Using models described in [Elshaw et al. 2004, Weber et al. 2004, Knoblauch et al 2004, Wermter and Elshaw 2004] the robot needs first to perform the following tasks concurrently

· Wandering

· Identifying table

· Sentence processing

· Command sentence understanding

Once a table has been actually identified the robot stops “identifying” and “wandering” tasks.

Phase 2:

Using models described in [Elshaw et al. 2004, Weber et al. 2004] the robot needs now to approach the table and localize objects that are mediated by language.

· Approaching

· Sentence processing

· Command sentence understanding

The sentence processing has to be completed at the end of this task because it gives the necessary information about the object to look at, point at or grasp. In the end, the robot needs to know the object, the colour and the action to perform.

This sentence processing and command understanding is carried out by a cell assembly-based model of several visual, language, planning, and motor areas to enable the robot to understand and react to simple spoken commands. The essential idea is that different cortical areas represent different aspects of the same entity, and that the long-range cortico-cortical projections represent hetero-associative memories that translate between these aspects or representations.

Phase 3:

Using models described in [Kaufmann et al. 2005, Knoblauch et al. 2004, Rougier and Vitay 2005, Foster et al. 2000] the robot needs now to localize more precisely the object.

· Sequentially localizing objects of the given colour

· Identifying the focused object

· Comparing the focused object with the target object

This phase will not terminate until the target object is actually focused.
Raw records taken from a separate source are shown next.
(* Let $r\geq1$ be an integer. For $\boldsymbol\nu\in\mathbf N^r$ let $F_{\boldsymbol\nu}(\rho,\boldsymbol T)=\sum_{\boldsymbol n\in\mathbf N^r}\rho^{\min_i(n_i+\nu_i)}\prod_iT_i^{n_i}\in\mathbf Z[[\rho,T_1,\dots,T_r]]$ and $\widetilde F_{\boldsymbol\nu}(\rho,\boldsymbol T)=(1-\rho\prod_iT_i)\prod_i(1-T_i)\,F_{\boldsymbol\nu}(\rho,\boldsymbol T)$. Then: (1) Let $\boldsymbol n\in\mathbf N^r$, $m=\min_i(n_i+\nu_i)$, $I_1=\{i:n_i\geq1\}$, $I_2=\{i:n_i\geq2\}$, $K=\{i\in I_1:n_i+\nu_i\geq m+1\}$. If $I_1\neq\{1,\dots,r\}$, the coefficient of $\prod T_i^{n_i}$ in $\widetilde F_{\boldsymbol\nu}$ equals $\rho^m$ if $I_1=\varnothing$; $\rho^m-\rho^{m-1}$ if $I_1\neq\varnothing$ and $K=\varnothing$; $0$ if $K\neq\varnothing$. If $I_1=\{1,\dots,r\}$, it equals $0$ if $I_2\cap K\neq\varnothing$; $-\rho^m$ if $I_2=\varnothing$ and $K\neq\varnothing$; $0$ if $I_2\neq\varnothing$ and $K=\varnothing$; $\rho^{m-1}-\rho^m$ if $I_2\neq\varnothing$, $K\neq\varnothing$ and $I_2\cap K=\varnothing$; $-\rho^{m-1}$ if $I_2=K=\varnothing$. In particular $\widetilde F_{(0,\dots,0)}(\rho,\boldsymbol T)=1-\prod_iT_i$. (2) $\widetilde F_{\boldsymbol\nu}(\rho,\boldsymbol T)$ is a polynomial whose partial degree in each $T_i$ is at most $\max_j\nu_j+1$. (3) Let $\rho\geq1$, $\varepsilon>0$ and $\eta_1,\dots,\eta_r$ complex numbers of modulus $1$. Then for every $\boldsymbol\nu$, $$\big|\widetilde F_{\boldsymbol\nu}\big(\rho,(\eta_i\rho^{-1})_i\big)\big|\leq\big(2+\max_i\nu_i-\min_i\nu_i\big)^r\rho^{\min_i\nu_i}.$$ *)

theory Defs
  imports "HOL-Analysis.Analysis" "HOL-Computational_Algebra.Polynomial"
begin

definition vecs :: "nat \<Rightarrow> (nat \<Rightarrow> nat) set" where
  "vecs r = {n. \<forall>i\<ge>r. n i = 0}"

text \<open>Formal power series in T_0,...,T_(r-1) with coefficients in a ring 'a,
  given by their coefficient function on exponent vectors (only vectors in vecs r matter).
  Coefficients will be taken in int poly (the variable of int poly is rho), so that
  Z[rho][[T]] is a subring of Z[[rho,T]].\<close>
definition mps_mult :: "nat \<Rightarrow> ((nat \<Rightarrow> nat) \<Rightarrow> 'a::comm_ring_1)
    \<Rightarrow> ((nat \<Rightarrow> nat) \<Rightarrow> 'a) \<Rightarrow> (nat \<Rightarrow> nat) \<Rightarrow> 'a" where
  "mps_mult r f g n = (\<Sum>k\<in>{k\<in>vecs r. \<forall>i. k i \<le> n i}. f k * g (\<lambda>i. n i - k i))"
During this phase, the distributed representation of the sensory information has to be coherently processed to generate relevant actions. For this purpose, we propose a model of visual exploration of a scene by the means of localized computations in neural populations whose architecture allows the emergence of a coherent behaviour of sequential scanning of salient stimuli while the identification part relies on an object identification system that identifies objects using a hierarchical class grouping that meets real-time constraints.

Phase 4:

Using models described in [Elshaw et al 2004, Weber et al. 2004a, Weber et al. 2004b] and depending on the action, there are now 3 possible sub-phases:

Phase 4.1: look

Point camera at focused object.

Phase 4.2: point

Dock toward the focused object

Phase 4.3: grasp

Dock toward the focused object

Grasp the object

When either 4.1, 4.2 or 4.3 is completed, the task is considered to be done.

The main difficulty in this phase is to have the robot approach the table so that it can grasp an object. One constraint is that the PeopleBot robot has a short non-extendable gripper and wide “shoulders”. Therefore, it must approach the table at a perpendicular angle so that the gripper can reach over it. The implemented solution of this stage is based solely on neural networks: object recognition and localisation is trained, motivated by insights from the lower visual system. Based on the hereby obtained perceived location, we train a value function unit and four motor units via reinforcement learning. After training the robot can approach the table at the correct position and in a perpendicular angle.

4. References

Elshaw M., Weber C., Zochios A., Wermter S. A Mirror Neuron Inspired Hierarchical Network for Action Selection. Proceedings of NeuroBotics Workshop, Ulm, Germany, pp. 98-105, September 2004

Foster D.J, Morris R.G.M and Dayan P. A Model of Hippocampally Dependent Navigation, Using the Temporal Difference Learning Rule. Hippocampus, Vol. 10, pp 1-16, 2000.

Kaufmann U., Fay R., Palm G. Neural Networks for Visual Object Recognition Based on Selective Attention. 1st International SenseMaker Workshop on Life-Like Perception Systems, 2005.

Knoblauch A., Markert H., Palm G. An Associative Model of Cortical Language and Action Processing. Proceedings of NCPW9 , Plymouth, UK, September 2004.

Rougier N., Vitay J. Emergence of Attention within a Neural Population. Submitted, 2005.

Weber C., Elshaw M., Zochios A., Wermter S. A Multimodal Hierarchical Approach to Robot Learning by Imitation. Fourth International Workshop on Epigenetic Robotics: Modeling Cognitive Development in Robotic Systems, Genoa, Italy, pp. 131-134, 2004a.